Juillet 2001. p. 203-204
[23] En l'espèce, instituée hors du contexte des procédures en recours collectif, la requête
constitue ni plus ni moins qu'une méga consultation juridique allant bien au-delà des questions
constitutionnelles soulevées ou qui pourraient l'être dans le cadre des procédures en recours
collectif.
[24] D'ailleurs, la requête des requérantes ne va-t-elle pas à l'encontre de la règle de la retenue
judiciaire en matière constitutionnelle et voulant qu'un tribunal ne se prononce pas sur une
question constitutionnelle si ce n'est pas nécessaire pour la solution d'un litige?
[25] Ainsi pourquoi un tribunal devrait-il dans le présent conflit se prononcer sur la
constitutionnalité de certains articles de la Loi sur la protection du consommateur ou leur
applicabilité si les divers requérants aux procédures pour exercer un recours collectif n'établissent
pas d'abord une infraction à cette loi par les diverses institutions bancaires?

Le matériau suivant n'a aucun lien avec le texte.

lemma integrable_mult_bounded_support:
  fixes u g :: "real \<Rightarrow> real"
  assumes u: "locally_integrable u"
    and g: "g \<in> borel_measurable lborel" "\<And>x. \<bar>g x\<bar> \<le> C" "\<And>x. \<bar>x\<bar> > R \<Longrightarrow> g x = 0"
  shows "integrable lborel (\<lambda>x. u x * g x)"
proof -
  have "integrable lborel (\<lambda>x. u x * indicator {-R..R} x)"
    using u by (simp add: locally_integrable_def)
  then have "integrable lborel (\<lambda>x. u x * indicator {-R..R} x * g x)"
    using g(1,2) by (rule integrable_mult_bounded)
  moreover have "u x * indicator {-R..R} x * g x = u x * g x" for x
    using g(3)[of x] by (cases "\<bar>x\<bar> > R") (auto simp: indicator_def abs_le_iff)
  ultimately show ?thesis by simp
qed

lemma integrable_mult_indicator_interval:
  "locally_integrable u \<Longrightarrow> integrable lborel (\<lambda>x. u x * indicator {a..<b} x)"
  by (rule integrable_mult_bounded_support[where C = 1 and R = "\<bar>a\<bar> + \<bar>b\<bar>"])
    (auto simp: indicator_def)

lemma locally_integrable_diff:
  assumes "locally_integrable u" "locally_integrable v"
  shows "locally_integrable (\<lambda>x. u x - v x)"
  unfolding locally_integrable_def
proof (intro conjI allI)
  show "(\<lambda>x. u x - v x) \<in> borel_measurable lborel"
    using assms by (intro borel_measurable_diff) (simp_all add: locally_integrable_def)
  fix R
  have "integrable lborel (\<lambda>x. u x * indicator {-R..R} x - v x * indicator {-R..R} x)"
    using assms by (intro Bochner_Integration.integrable_diff) (simp_all add: locally_integrable_def)
  then show "integrable lborel (\<lambda>x. (u x - v x) * indicator {-R..R} x)"
    by (simp add: left_diff_distrib)
qed

lemma locally_integrable_const: "locally_integrable (\<lambda>x. c)"
  by (auto simp: locally_integrable_def emeasure_lborel_Icc_eq)

lemma square_integrable_imp_locally_integrable:
  fixes f :: "real \<Rightarrow> real"
  assumes f: "f \<in> borel_measurable lborel" "integrable lborel (\<lambda>x. (f x)\<^sup>2)"
  shows "locally_integrable f"
  unfolding locally_integrable_def
proof (intro conjI allI f(1))
  fix R
  show "integrable lborel (\<lambda>x. f x * indicator {-R..R} x)"
  proof (rule Bochner_Integration.integrable_bound)
    show "integrable lborel (\<lambda>x. (f x)\<^sup>2 + indicator {-R..R} x)"
      using f(2) by (intro Bochner_Integration.integrable_add) (auto simp: emeasure_lborel_Icc_eq)
    show "(\<lambda>x. f x * indicator {-R..R} x) \<in> borel_measurable lborel" using f by measurable
    have "\<bar>f x\<bar> \<le> (f x)\<^sup>2 + 1" for x
      using sum_squares_bound[of "\<bar>f x\<bar>" 1] by simp
    then show "AE x in lborel. norm (f x * indicator {-R..R} x) \<le> norm ((f x)\<^sup>2 + indicator {-R..R} x)"
      by (auto simp: indicator_def)
  qed
qed

section \<open>The du Bois-Reymond lemma\<close>

text \<open>Rises from 0 left of a to 1 right of b + 1/n; as n grows, its derivative tends to the
  indicator of [a, b) divided by b - a.\<close>
definition ramp_average :: "real \<Rightarrow> real \<Rightarrow> real \<Rightarrow> real \<Rightarrow> real" where
  "ramp_average n a b x = (smooth_ramp (n * x - n * a) - smooth_ramp (n * x - n * b)) / (n * (b - a))"

lemma smooth_ramp_average: "smooth (ramp_average n a b)"
proof -
  have "smooth (\<lambda>x. smooth_ramp (n * x + (- n * c)))" for c
    by (rule smooth_compose_affine[OF smooth_smooth_ramp])
  then show ?thesis
    unfolding ramp_average_def[abs_def] divide_inverse
    by (intro smooth_mult smooth_diff smooth_const) auto
qed

lemma deriv_ramp_average:
  assumes "n \<noteq> 0"
  shows "deriv (ramp_average n a b) x =
    (deriv smooth_ramp (n * x - n * a) - deriv smooth_ramp (n * x - n * b)) / (b - a)"
proof -
  have "((\<lambda>x. smooth_ramp (n * x - n * c)) has_real_derivative deriv smooth_ramp (n * x - n * c) * n) (at x)"
    for c
  proof -
    have "((\<lambda>x. n * x - n * c) has_real_derivative n) (at x)"
      by (auto intro!: derivative_eq_intros)
    from DERIV_chain2[OF smooth_has_real_derivative[OF smooth_smooth_ramp] this] show ?thesis
      by simp
  qed
  then have "(ramp_average n a b has_real_derivative
      (deriv smooth_ramp (n * x - n * a) * n - deriv smooth_ramp (n * x - n * b) * n) / (n * (b - a))) (at x)"
    unfolding ramp_average_def[abs_def] by (intro DERIV_diff DERIV_cdivide)
  moreover have "(deriv smooth_ramp (n * x - n * a) * n - deriv smooth_ramp (n * x - n * b) * n) / (n * (b - a))
      = (deriv smooth_ramp (n * x - n * a) - deriv smooth_ramp (n * x - n * b)) / (b - a)"
    using assms by (simp add: left_diff_distrib[symmetric])
  ultimately show ?thesis by (simp add: DERIV_imp_deriv)
qed

lemma ramp_average_eq_0:
  assumes "n > 0" "a \<le> b" "x < a"
  shows "ramp_average n a b x = 0" "deriv (ramp_average n a b) x = 0"
proof -
  have "n * x - n * c < 0" if "x < c" for c
    using assms(1) that by (simp add: right_diff_distrib[symmetric] mult_pos_neg)
  with assms show "ramp_average n a b x = 0" "deriv (ramp_average n a b) x = 0"
    by (simp_all add: ramp_average_def deriv_ramp_average smooth_ramp_eq_0 deriv_smooth_ramp_eq_0)
qed

lemma ramp_average_eq_1:
  assumes "n \<ge> 1" "a < b" "x > b + 1"
  shows "ramp_average n a b x = 1" "deriv (ramp_average n a b) x = 0"
proof -
  have big: "n * x - n * c > 1" if "c \<le> b" for c
  proof -
    have "1 * (x - c) \<le> n * (x - c)" using assms that by (intro mult_right_mono) auto
    then show ?thesis using assms that by (simp add: right_diff_distrib)
  qed
  have "smooth_ramp (n * x - n * a) = n * x - n * a" "smooth_ramp (n * x - n * b) = n * x - n * b"
    using big[of a] big[of b] assms(2) by (simp_all add: smooth_ramp_eq_ident)
  with assms show "ramp_average n a b x = 1"
    by (simp add: ramp_average_def right_diff_distrib[symmetric])
  show "deriv (ramp_average n a b) x = 0"
    using big[of a] big[of b] assms by (simp add: deriv_ramp_average deriv_smooth_ramp_eq_1)
qed

lemma deriv_ramp_average_bounded:
  assumes "\<And>x. \<bar>deriv smooth_ramp x\<bar> \<le> K" "n \<noteq> 0" "a < b"
  shows "\<bar>deriv (ramp_average n a b) x\<bar> \<le> 2 * K / (b - a)"
proof -
  have "\<bar>deriv smooth_ramp (n * x - n * a) - deriv smooth_ramp (n * x - n * b)\<bar> \<le> 2 * K"
    using assms(1)[of "n * x - n * a"] assms(1)[of "n * x - n * b"] by linarith
  with assms(2,3) show ?thesis
    by (simp add: deriv_ramp_average abs_divide divide_right_mono)
qed

lemma deriv_smooth_ramp_scaled_tendsto:
  assumes "x \<noteq> a"
  shows "(\<lambda>n. deriv smooth_ramp (real (Suc n) * x - real (Suc n) * a)) \<longlonglongrightarrow> (if a < x then 1 else 0)"
proof (cases "a < x")
  case True
  obtain N where N: "real N > 1 / (x - a)" using reals_Archimedean2 by blast
  have "deriv smooth_ramp (real (Suc n) * x - real (Suc n) * a) = 1" if "N \<le> n" for n
  proof (rule deriv_smooth_ramp_eq_1)
    have "real (Suc n) > 1 / (x - a)" using N that by linarith
    with True show "real (Suc n) * x - real (Suc n) * a > 1" by (simp add: field_simps)
  qed
  then have "\<forall>\<^sub>F n in sequentially. deriv smooth_ramp (real (Suc n) * x - real (Suc n) * a) = 1"
    by (rule eventually_sequentiallyI)
  with True show ?thesis by (simp add: tendsto_eventually)
next
  case False
  with assms have "x < a" by simp
  then have "deriv smooth_ramp (real (Suc n) * x - real (Suc n) * a) = 0" for n
    by (intro deriv_smooth_ramp_eq_0)
      (simp add: right_diff_distrib[symmetric] mult_pos_neg del: of_nat_Suc)
  with False show ?thesis by simp
qed

lemma deriv_ramp_average_tendsto:
  assumes "a < b" "x \<noteq> a" "x \<noteq> b"
  shows "(\<lambda>n. deriv (ramp_average (Suc n) a b) x) \<longlonglongrightarrow> indicator {a..<b} x / (b - a)"
proof -
  have "(\<lambda>n. (deriv smooth_ramp (real (Suc n) * x - real (Suc n) * a)
      - deriv smooth_ramp (real (Suc n) * x - real (Suc n) * b)) / (b - a))
    \<longlonglongrightarrow> ((if a < x then 1 else 0) - (if b < x then 1 else 0)) / (b - a)"
    using assms by (intro tendsto_intros deriv_smooth_ramp_scaled_tendsto) auto
  moreover have "(if a < x then 1 else 0) - (if b < x then 1 else 0) = (indicator {a..<b} x :: real)"
    using assms by (auto simp: indicator_def)
  ultimately show ?thesis using assms(1) by (simp add: deriv_ramp_average del: of_nat_Suc)
qed

lemma ramp_average_outside:
  assumes "n \<ge> 1" "a < b" "\<bar>x\<bar> > \<bar>a\<bar> + \<bar>b\<bar> + 1"
  shows "ramp_average n a b x = (if x < 0 then 0 else 1)" "deriv (ramp_average n a b) x = 0"
proof -
  have "x < a \<and> x < 0 \<or> x > b + 1 \<and> x \<ge> 0" using assms(3) by linarith
  with assms(1,2) show "ramp_average n a b x = (if x < 0 then 0 else 1)" "deriv (ramp_average n a b) x = 0"
    using ramp_average_eq_0[of n a b x] ramp_average_eq_1[of n a b x] by auto
qed

lemma abs_deriv_ramp_average_le:
  assumes K: "\<And>x. \<bar>deriv smooth_ramp x\<bar> \<le> K" and "n \<ge> 1" "a < b"
  shows "\<bar>deriv (ramp_average n a b) x\<bar>
    \<le> 2 * K / (b - a) * indicator {- (\<bar>a\<bar> + \<bar>b\<bar> + 1)..\<bar>a\<bar> + \<bar>b\<bar> + 1} x"
proof (cases "\<bar>x\<bar> > \<bar>a\<bar> + \<bar>b\<bar> + 1")
  case True
  then have "x \<notin> {- (\<bar>a\<bar> + \<bar>b\<bar> + 1)..\<bar>a\<bar> + \<bar>b\<bar> + 1}"
    by (cases "x \<ge> 0") auto
  with True assms(2,3) show ?thesis by (simp add: ramp_average_outside(2))
next
  case False
  then have "x \<in> {- (\<bar>a\<bar> + \<bar>b\<bar> + 1)..\<bar>a\<bar> + \<bar>b\<bar> + 1}"
    by (auto simp: not_less dest: abs_le_D1 abs_le_D2)
  with deriv_ramp_average_bounded[OF K, of n a b x] assms(2,3) show ?thesis by simp
qed

lemma integrable_mult_deriv_ramp_average:
  assumes u: "locally_integrable u" and "n \<ge> 1" "a < b"
  shows "integrable lborel (\<lambda>x. u x * deriv (ramp_average n a b) x)"
proof -
  obtain K where K: "\<And>x. \<bar>deriv smooth_ramp x\<bar> \<le> K" using deriv_smooth_ramp_bounded by blast
  show ?thesis
  proof (rule integrable_mult_bounded_support[OF u])
    show "deriv (ramp_average n a b) \<in> borel_measurable lborel"
      using borel_measurable_deriv_smooth[OF smooth_ramp_average] by simp
    show "\<bar>deriv (ramp_average n a b) x\<bar> \<le> 2 * K / (b - a)" for x
      using assms K by (intro deriv_ramp_average_bounded) auto
    show "\<bar>x\<bar> > \<bar>a\<bar> + \<bar>b\<bar> + 1 \<Longrightarrow> deriv (ramp_average n a b) x = 0" for x
      using assms by (intro ramp_average_outside(2))
  qed
qed

lemma test_function_ramp_average_diff:
  assumes "n \<ge> 1" "a < b" "p < q"
  shows "test_function (\<lambda>x. ramp_average n a b x - ramp_average n p q x)"
proof (rule test_functionI)
  show "smooth (\<lambda>x. ramp_average n a b x - ramp_average n p q x)"
    by (intro smooth_diff smooth_ramp_average)
  fix x assume x: "\<bar>x\<bar> > \<bar>a\<bar> + \<bar>b\<bar> + \<bar>p\<bar> + \<bar>q\<bar> + 1"
  have "\<bar>x\<bar> > \<bar>a\<bar> + \<bar>b\<bar> + 1" "\<bar>x\<bar> > \<bar>p\<bar> + \<bar>q\<bar> + 1"
    using x abs_ge_zero[of a] abs_ge_zero[of b] abs_ge_zero[of p] abs_ge_zero[of q] by linarith+
  with assms show "ramp_average n a b x - ramp_average n p q x = 0"
    using ramp_average_outside(1)[of n a b x] ramp_average_outside(1)[of n p q x] by simp
qed

lemma deriv_ramp_average_diff:
  "deriv (\<lambda>x. ramp_average n a b x - ramp_average n p q x) x =
    deriv (ramp_average n a b) x - deriv (ramp_average n p q) x"
  by (intro DERIV_imp_deriv DERIV_diff smooth_has_real_derivative smooth_ramp_average)

lemma tendsto_integral_mult_deriv_ramp_average:
  fixes u :: "real \<Rightarrow> real"
  assumes u: "locally_integrable u" and ab: "a < b"
  shows "(\<lambda>n. \<integral>x. u x * deriv (ramp_average (Suc n) a b) x \<partial>lborel)
    \<longlonglongrightarrow> (\<integral>x. u x * indicator {a..<b} x \<partial>lborel) / (b - a)"
proof -
  obtain K where K: "\<And>x. \<bar>deriv smooth_ramp x\<bar> \<le> K" using deriv_smooth_ramp_bounded by blast
  define R where "R = \<bar>a\<bar> + \<bar>b\<bar> + 1"
  define w where "w x = 2 * K / (b - a) * \<bar>u x * indicator {-R..R} x\<bar>" for x
  have [measurable]: "u \<in> borel_measurable borel" using u by (simp add: locally_integrable_def)
  have [measurable]: "deriv (ramp_average (Suc n) a b) \<in> borel_measurable borel" for n
    by (rule borel_measurable_deriv_smooth[OF smooth_ramp_average])
  have "(\<lambda>n. \<integral>x. u x * deriv (ramp_average (Suc n) a b) x \<partial>lborel)
      \<longlonglongrightarrow> (\<integral>x. u x * (indicator {a..<b} x / (b - a)) \<partial>lborel)"
  proof (rule integral_dominated_convergence[where w = w])
    show "(\<lambda>x. u x * (indicator {a..<b} x / (b - a))) \<in> borel_measurable lborel"
      by measurable
    show "(\<lambda>x. u x * deriv (ramp_average (Suc n) a b) x) \<in> borel_measurable lborel" for n
      by measurable
    show "integrable lborel w"
      using u unfolding w_def by (intro integrable_mult_right integrable_abs) (simp add: locally_integrable_def)
    have "AE x in lborel. x \<noteq> a \<and> x \<noteq> b" by (intro AE_conjI AE_lborel_singleton)
    then show "AE x in lborel. (\<lambda>n. u x * deriv (ramp_average (Suc n) a b) x)
        \<longlonglongrightarrow> u x * (indicator {a..<b} x / (b - a))"
    proof eventually_elim
      case (elim x)
      then show ?case using deriv_ramp_average_tendsto[OF ab] by (intro tendsto_mult_left) auto
    qed
    show "AE x in lborel. norm (u x * deriv (ramp_average (Suc n) a b) x) \<le> w x" for n
    proof (rule AE_I2)
      fix x
      have "\<bar>u x\<bar> * \<bar>deriv (ramp_average (Suc n) a b) x\<bar> \<le> \<bar>u x\<bar> * (2 * K / (b - a) * indicator {-R..R} x)"
        using abs_deriv_ramp_average_le[OF K, of "Suc n" a b x] ab
        by (intro mult_left_mono) (simp_all add: R_def)
      then show "norm (u x * deriv (ramp_average (Suc n) a b) x) \<le> w x"
        by (simp add: w_def abs_mult mult_ac)
    qed
  qed
  then show ?thesis by simp
qed
(* Let $p\in[1,\infty)$, $w$ a weight sequence, $a\in L_{p,w}$ and $i\in\mathbb{N}$. Then $$S_i(a)+\tilde S_i(a)\le\|a\|_{p,w}^p=H_i(a)+\tilde H_i(a)=W_i(a)+\tilde W_i(a)\le S_i(a)+T_i(a).$$
   Context: A weight sequence is a sequence $w=(w_i)$ of positive reals with $w_1=1\ge w_2\ge\dots$, $w_i\to0$, and $\sum_i w_i=+\infty$. For a real sequence $a$, $\|a\|_{p,w}=\sup_{\sigma}\big(\sum_{i=1}^\infty |a_{\sigma_i}|^p w_i\big)^{1/p}$ over all permutations $\sigma$ of $\mathbb{N}$; $L_{p,w}$ is the set of real sequences with finite norm. For $a\in L_{p,w}$, let $\sigma=\sigma^a:\mathbb{N}\to\mathbb{N}$ be defined recursively: $\sigma_i$ is the element $j$ of $\mathbb{N}\setminus\{\sigma_1,\dots,\sigma_{i-1}\}$ with $|a_j|$ maximal, taking the smallest such index in case of ties (for $a\in L_{p,w}$ this is well defined, $\sigma$ is injective and $|a_{\sigma_i}|$ is nonincreasing). Write $\sigma^{-1}$ for its inverse on $\sigma(\mathbb{N})$, with the convention $w_{\sigma^{-1}_j}:=0$ if $j\notin\sigma(\mathbb{N})$. Definitions: $S_i(a)=\|(a_1,\dots,a_i,0,0,\dots)\|_{p,w}^p$; $\tilde S_i(a)=\sup_{\tau}\sum_{j=1}^\infty|a_{i+\tau_j}|^p w_{i+j}$ over permutations $\tau$ of $\mathbb{N}$ (the $p$-th power of the Lorentz-type norm of the tail $(a_{i+1},a_{i+2},\dots)$ with weights $(w_{i+1},w_{i+2},\dots)$); $H_i(a)=\sum_{j=1}^i|a_j|^p w_{\sigma^{-1}_j}$; $\tilde H_i(a)=\sum_{j=i+1}^\infty|a_j|^p w_{\sigma^{-1}_j}$; $W_i(a)=\sum_{j=1}^i|a_{\sigma_j}|^p w_j$; $\tilde W_i(a)=\sum_{j=i+1}^\infty|a_{\sigma_j}|^p w_j$; $T_i(a)=\|(a_{i+1},a_{i+2},\dots)\|_{p,w}^p$. *)

theory Defs
  imports "HOL-Analysis.Analysis"
begin

text \<open>Convention: sequences are 0-indexed, i.e. the paper's a_k is a (k-1), w_k is w (k-1).\<close>

definition weight_seq :: "(nat \<Rightarrow> real) \<Rightarrow> bool" where
  "weight_seq w \<longleftrightarrow> w 0 = 1 \<and> (\<forall>i. 0 < w i) \<and> (\<forall>i. w (Suc i) \<le> w i)
     \<and> w \<longlonglongrightarrow> 0 \<and> \<not> summable w"

definition lw_pow :: "real \<Rightarrow> (nat \<Rightarrow> real) \<Rightarrow> (nat \<Rightarrow> real) \<Rightarrow> ennreal" where
  "lw_pow p w a = (SUP \<sigma>\<in>{\<sigma>::nat\<Rightarrow>nat. bij \<sigma>}. \<Sum>j. ennreal (\<bar>a (\<sigma> j)\<bar> powr p * w j))"

definition in_Lpw :: "real \<Rightarrow> (nat \<Rightarrow> real) \<Rightarrow> (nat \<Rightarrow> real) \<Rightarrow> bool" where
  "in_Lpw p w a \<longleftrightarrow> lw_pow p w a < \<infinity>"

text \<open>Greedy rearrangement sigma^a: list of the first n chosen indices.\<close>
fun sig_list :: "(nat \<Rightarrow> real) \<Rightarrow> nat \<Rightarrow> nat list" where
  "sig_list a 0 = []"
| "sig_list a (Suc n) = sig_list a n @
     [LEAST j. j \<notin> set (sig_list a n) \<and> (\<forall>k. k \<notin> set (sig_list a n) \<longrightarrow> \<bar>a k\<bar> \<le> \<bar>a j\<bar>)]"

definition sig :: "(nat \<Rightarrow> real) \<Rightarrow> nat \<Rightarrow> nat" where
  "sig a n = sig_list a (Suc n) ! n"

text \<open>w_{sigma^{-1}_j}, with value 0 if j is not in the range of sigma.\<close>
definition winv :: "(nat \<Rightarrow> real) \<Rightarrow> (nat \<Rightarrow> real) \<Rightarrow> nat \<Rightarrow> real" where
  "winv w a j = (if j \<in> range (sig a) then w (the_inv (sig a) j) else 0)"

definition S_fn :: "real \<Rightarrow> (nat \<Rightarrow> real) \<Rightarrow> nat \<Rightarrow> (nat \<Rightarrow> real) \<Rightarrow> ennreal" where
  "S_fn p w i a = lw_pow p w (\<lambda>k. if k < i then a k else 0)"

definition St_fn :: "real \<Rightarrow> (nat \<Rightarrow> real) \<Rightarrow> nat \<Rightarrow> (nat \<Rightarrow> real) \<Rightarrow> ennreal" where
  "St_fn p w i a = (SUP \<tau>\<in>{\<tau>::nat\<Rightarrow>nat. bij \<tau>}. \<Sum>j. ennreal (\<bar>a (i + \<tau> j)\<bar> powr p * w (i + j)))"

definition H_fn :: "real \<Rightarrow> (nat \<Rightarrow> real) \<Rightarrow> nat \<Rightarrow> (nat \<Rightarrow> real) \<Rightarrow> ennreal" where
  "H_fn p w i a = ennreal (\<Sum>j<i. \<bar>a j\<bar> powr p * winv w a j)"

definition Ht_fn :: "real \<Rightarrow> (nat \<Rightarrow> real) \<Rightarrow> nat \<Rightarrow> (nat \<Rightarrow> real) \<Rightarrow> ennreal" where
  "Ht_fn p w i a = (\<Sum>k. ennreal (\<bar>a (i + k)\<bar> powr p * winv w a (i + k)))"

[26] Il s'ensuit donc que si besoin, dans la mesure où il faut en traiter, les questions
constitutionnelles soulevées par les requérantes le seront de façon plus utile et complète dans le
cadre des procédures pendantes pour autorisation d'exercer des recours collectifs.
[27] De plus et alors que certaines des requérantes se voient refuser, dans le dossier Marcotte, le
droit de contester par écrit la requête pour autorisation d'exercer un recours collectif, voici
qu'elles tentent aujourd'hui manifestement de court-circuiter la décision rendue en utilisant un
autre véhicule pour créer une contestation écrite parallèle aux procédures en recours collectif.
[28] Ce seul constat justifie la Cour d'utiliser son pouvoir discrétionnaire pour ne pas permettre
que des parties viennent faire par la porte d'en arrière ce qu'on leur a refusé et ainsi retarder la
procédure spéciale prévue par le législateur pour les recours collectifs.
[29] Dans l'arrêt Kourtessis4 la Cour Suprême sous la plume du Juge La Forest écrit: «La raison
de principe, pour laquelle on ne veut pas que les jugements déclaratoires, même
d'inconstitutionnalité, deviennent une procédure distincte et dominante est que, dans de
nombreux cas, ils entraîneront un chevauchement et des retards peu souhaitables en matière
procédurale. Dans la mesure où il existe une procédure raisonnablement efficace d'examen des
contestations constitutionnelles, je ne vois pas pourquoi il faut en établir une autre...»
[30] La Cour fait siennes ces remarques de la Cour Suprême. Et ce d'autant plus que dans l'espèce
il existe déjà une procédure qui permettra à la Cour de se prononcer de façon plus complète et
plus efficace.
[31] Décider autrement aurait pour effet de retarder indûment des procédures en recours collectif
que le législateur, par les derniers amendements au Code de procédure civile, cherche
manifestement à accélérer.
4
[1993] 2 R.C.S. p.87
[32] Par ailleurs 6 recours collectifs sont en attente d'audition dans les dossiers:
- 500-06-000202-032
- 500-06-000203-030
- 500-06-000205-035
- 500-06-000197-034
- 500-06-000221-040
- 200-06-000033-038
[33] De façon à éviter des jugements contradictoires, il est souhaitable que ces 6 dossiers soient
réunis au stage de l’audition des demandes d'autorisation.
POUR CES MOTIFS, LA COUR:
[34] REJETTE la requête pour jugement déclaratoire avec dépens contre les requérantes.
[35] ORDONNE que les 6 dossiers 500-06-000202-032; 500-06-000203-030; 500-06-000205035; 500-06-000197-034; 500-06-000221-040 et 200-06-000033-038 soient réunis pour fin
d'audition au stage des demandes d'autorisation d'exercer un recours collectif.
[36] ACCUEILLE la requête en irrecevabilité du Procureur général du Québec;
[37] ACCUEILLE les requêtes en irrecevabilité des mis en cause Réal Marcotte, Joël-Christian
St-Pierre, Normand Painchaud, Marie-Claude Bibaud et Kathleen Gagné.
[38] LE TOUT avec dépens contre les institutions bancaires requérantes.
[39] INVITE les parties aux procédures en recours collectifs à prendre rendez-vous sans délais
avec le Juge en chef adjoint pour déterminer avec lui la durée d'audition sur les demandes
d'autorisation d'exercer des recours collectifs, en fixer la date, et ordonner s'il y a lieu le transfert
du dossier 200-06-000033-038 dans le district de Montréal.